# Lewis King's punch bait



## boxhead

I have used Lewis King's select catfish bait with a friend and was amazed how good it was and now I want to purchase some for myself. The problem is that on the internet when I search the name all I get is fishing reports. I know he is based out of Vernon,Tx. but can't seem to find any other contact info. I would greatly appreciate any help on finding a way to contact them for an order.


----------



## panamafish

are you sure it is lews king and not danny kings


----------



## tsteve

Lewis King in Vernon,Tx. makes bait also, brother of Danny.
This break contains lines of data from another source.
(* Let $\{(\mathbf{X}^t,Y^t)\}_{t\in\mathbb{N}}$ be a discrete-time stochastic process with $\mathbf{X}^t\in\mathbb{R}^d$, and let $h^t(\mathbf{x})=\langle \boldsymbol{\beta}^t,\mathbf{x}\rangle$ be a sequence of linear classifiers approximating $P(Y^t\mid\mathbf{X}^t)$, each trained on a dataset $\mathcal{D}^t\sim P(\mathbf{X}^t,Y^t)$. Assume $-k\le \beta^t_i\le k$ and $-k\le X^t_i\le k$ for all $i,t$, for some $k\in\mathbb{R}^+$. Given a realization $\mathbf{x}^t$ and an intervention $\boldsymbol{\theta}$ with $\mathbb{E}[h^t(\hat{\mathbf{x}}^t)]\ge 1/2$, the temporal invalidation rate satisfies, for every $\tau>0$, $$\Delta h(\boldsymbol{\theta};\tau)\le k\sqrt{d}\cdot\left(\mathbb{E}\left[\|\boldsymbol{\beta}^{t+\tau}-\boldsymbol{\beta}^t\|\right]+\mathbb{E}\left[\|\hat{\mathbf{x}}^{t+\tau}-\hat{\mathbf{x}}^t\|\right]\right),$$ where $\|\cdot\|$ is the $\ell_2$-norm and the expectation is over $\mathcal{D}^t\sim P(\mathbf{X}^t,Y^t)$ and the training process.
   Context: The intervention is a soft intervention $do(\boldsymbol{\theta})=do(\mathbf{X}_{\mathcal{I}}=\mathbf{x}_{\mathcal{I}}+\boldsymbol{\theta})$ on a subset $\mathcal{I}$ of features; $nd(\mathcal{I})$ denotes the non-descendants of the intervened variables. $\hat{\mathbf{x}}^t\sim P^{do(\boldsymbol{\theta})}(\mathbf{X}^t\mid \mathbf{X}^t_{nd(\mathcal{I})}=\mathbf{x}^t_{nd(\mathcal{I})})$ and $\hat{\mathbf{x}}^{t+\tau}\sim P^{do(\boldsymbol{\theta})}(\mathbf{X}^{t+\tau}\mid \mathbf{X}^{t+\tau}_{nd(\mathcal{I})}=\mathbf{x}^{t+\tau}_{nd(\mathcal{I})})$ (interventional distributions). The temporal invalidation rate after lag $\tau>0$ is $\Delta h(\boldsymbol{\theta};\tau)=\mathbb{E}\left[\left|h^{t+\tau}(\hat{\mathbf{x}}^{t+\tau})-h^t(\hat{\mathbf{x}}^t)\right|\right]$. *)

theory Defs
  imports "HOL-Probability.Probability"
begin

definition lin_clf :: "real^'d \<Rightarrow> real^'d \<Rightarrow> real" where
  "lin_clf beta x = beta \<bullet> x"

text \<open>Temporal invalidation rate Delta h(theta; tau) = E |h^{t+tau}(xhat^{t+tau}) - h^t(xhat^t)|,
  where beta s is the (random) parameter of the classifier at time s and xhat s the (random)
  interventional sample at time s, all on a common probability space M.\<close>
definition temporal_invalidation_rate ::
  "'a measure \<Rightarrow> (nat \<Rightarrow> 'a \<Rightarrow> real^'d) \<Rightarrow> (nat \<Rightarrow> 'a \<Rightarrow> real^'d) \<Rightarrow> nat \<Rightarrow> nat \<Rightarrow> real" where
  "temporal_invalidation_rate M beta xhat t \<tau> =
     (\<integral>\<omega>. \<bar>lin_clf (beta (t + \<tau>) \<omega>) (xhat (t + \<tau>) \<omega>) - lin_clf (beta t \<omega>) (xhat t \<omega>)\<bar> \<partial>M)"

end

theory Submission
  imports Defs
begin

text \<open>The bound holds pointwise before taking expectations: writing
  \<open>\<beta>' \<bullet> x' - \<beta> \<bullet> x = (\<beta>' - \<beta>) \<bullet> x' + \<beta> \<bullet> (x' - x)\<close>, Cauchy-Schwarz bounds each term by a
  difference norm times the norm of a vector in the cube \<open>[-k, k]^d\<close>, which is at most
  \<open>k \<surd>d\<close>. Integrating the pointwise inequality gives the theorem.\<close>

lemma norm_le_sqrt_CARD_if_abs_nth_le:
  fixes x :: "real^'n"
  assumes "\<And>i. \<bar>x $ i\<bar> \<le> k"
  shows "norm x \<le> k * sqrt (real CARD('n))"
proof -
  have "infnorm x \<le> k"
    unfolding infnorm_Max
    by (subst Max_le_iff) (auto simp: assms Basis_vec_def cart_eq_inner_axis[symmetric])
  moreover have "norm x \<le> sqrt (real DIM(real^'n)) * infnorm x"
    by (rule norm_le_infnorm)
  ultimately show ?thesis
    by (simp add: mult.commute order_trans mult_left_mono)
qed

lemma abs_inner_diff_le:
  fixes b b' x x' :: "'a::real_inner"
  assumes "norm b \<le> C" and "norm x' \<le> C"
  shows "\<bar>b' \<bullet> x' - b \<bullet> x\<bar> \<le> C * (norm (b' - b) + norm (x' - x))"
proof -
  have "b' \<bullet> x' - b \<bullet> x = (b' - b) \<bullet> x' + b \<bullet> (x' - x)"
    by (simp add: inner_diff_left inner_diff_right)
  moreover have "\<bar>(b' - b) \<bullet> x'\<bar> \<le> norm (b' - b) * C"
    using Cauchy_Schwarz_ineq2[of "b' - b" x'] mult_left_mono[OF assms(2) norm_ge_zero[of "b' - b"]]
    by linarith
  moreover have "\<bar>b \<bullet> (x' - x)\<bar> \<le> C * norm (x' - x)"
    using Cauchy_Schwarz_ineq2[of b "x' - x"] mult_right_mono[OF assms(1) norm_ge_zero[of "x' - x"]]
    by linarith
  ultimately show ?thesis
    by (simp add: algebra_simps)
qed

lemma (in finite_measure) integrable_norm_diff_if_bounded:
  fixes f g :: "'a \<Rightarrow> 'b::{banach, second_countable_topology}"
  assumes "f \<in> borel_measurable M" and "g \<in> borel_measurable M"
    and "\<And>\<omega>. \<omega> \<in> space M \<Longrightarrow> norm (f \<omega>) \<le> C"
    and "\<And>\<omega>. \<omega> \<in> space M \<Longrightarrow> norm (g \<omega>) \<le> C"
  shows "integrable M (\<lambda>\<omega>. norm (f \<omega> - g \<omega>))"
proof (rule integrable_const_bound[where B = "2 * C"])
  show "AE \<omega> in M. norm (norm (f \<omega> - g \<omega>)) \<le> 2 * C"
  proof (rule AE_I2)
    fix \<omega> assume "\<omega> \<in> space M"
    then show "norm (norm (f \<omega> - g \<omega>)) \<le> 2 * C"
      using assms(3,4) norm_triangle_ineq4[of "f \<omega>" "g \<omega>"] by fastforce
  qed
  show "(\<lambda>\<omega>. norm (f \<omega> - g \<omega>)) \<in> borel_measurable M"
    using assms(1,2) by measurable
qed

theorem theorem1:
  fixes M :: "'a measure"
    and beta xhat :: "nat \<Rightarrow> 'a \<Rightarrow> real^'d"
    and k :: real and t \<tau> :: nat
  assumes "prob_space M"
    and "k > 0"
    and "\<And>s. beta s \<in> borel_measurable M"
    and "\<And>s. xhat s \<in> borel_measurable M"
    and "\<And>s \<omega> i. \<omega> \<in> space M \<Longrightarrow> - k \<le> beta s \<omega> $ i \<and> beta s \<omega> $ i \<le> k"
    and "\<And>s \<omega> i. \<omega> \<in> space M \<Longrightarrow> - k \<le> xhat s \<omega> $ i \<and> xhat s \<omega> $ i \<le> k"
    and "(\<integral>\<omega>. lin_clf (beta t \<omega>) (xhat t \<omega>) \<partial>M) \<ge> 1/2"
    and "\<tau> > 0"
  shows "temporal_invalidation_rate M beta xhat t \<tau>
           \<le> k * sqrt (real CARD('d)) *
              ((\<integral>\<omega>. norm (beta (t + \<tau>) \<omega> - beta t \<omega>) \<partial>M)
               + (\<integral>\<omega>. norm (xhat (t + \<tau>) \<omega> - xhat t \<omega>) \<partial>M))"
proof -
  interpret prob_space M by fact
  define C where "C = k * sqrt (real CARD('d))"
  have "C \<ge> 0"
    unfolding C_def using assms(2) by simp
  have beta_bound: "norm (beta s \<omega>) \<le> C" and xhat_bound: "norm (xhat s \<omega>) \<le> C"
    if "\<omega> \<in> space M" for s \<omega>
    unfolding C_def using assms(5,6) that
    by (auto intro!: norm_le_sqrt_CARD_if_abs_nth_le simp: abs_le_iff minus_le_iff)
  have int_beta: "integrable M (\<lambda>\<omega>. norm (beta (t + \<tau>) \<omega> - beta t \<omega>))"
    and int_xhat: "integrable M (\<lambda>\<omega>. norm (xhat (t + \<tau>) \<omega> - xhat t \<omega>))"
    by (auto intro!: integrable_norm_diff_if_bounded assms(3,4) beta_bound xhat_bound)
  have "temporal_invalidation_rate M beta xhat t \<tau>
        \<le> (\<integral>\<omega>. C * (norm (beta (t + \<tau>) \<omega> - beta t \<omega>) + norm (xhat (t + \<tau>) \<omega> - xhat t \<omega>)) \<partial>M)"
    unfolding temporal_invalidation_rate_def lin_clf_def
    using int_beta int_xhat \<open>C \<ge> 0\<close>
    by (intro integral_mono' abs_inner_diff_le beta_bound xhat_bound) auto
  also have "\<dots> = C * ((\<integral>\<omega>. norm (beta (t + \<tau>) \<omega> - beta t \<omega>) \<partial>M)
                     + (\<integral>\<omega>. norm (xhat (t + \<tau>) \<omega> - xhat t \<omega>) \<partial>M))"
    using int_beta int_xhat by simp
  finally show ?thesis
    unfolding C_def .
qed

end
Phone number is 940-553-3298. I have never used his bait so please inform us on the results


----------



## boxhead

A very good friend of mine swares by it. He kinda supplements his income with the catfish he catches in the bayous locally. My buddy most diffently states Lewis King Select cat fish bait. They sell it from pints all the way up to 5 gallon buckets full. Several times I have have gone with him and we have loaded up with 10 to 15 fish from the bank in the same spot. I am really impressed because it does not over power you with "stink".
and it produces.


----------



## vance51

Lake Amistad Guide these ppl have lewis kings catfish select and will mail you some 
i love the stuff hahahahah


----------



## kim e cooper

Yes they have 2 kinds LKS & LK cat fish bait sorry i have no idea where to get it herd alot about it.Ask theTx PaleRider.


----------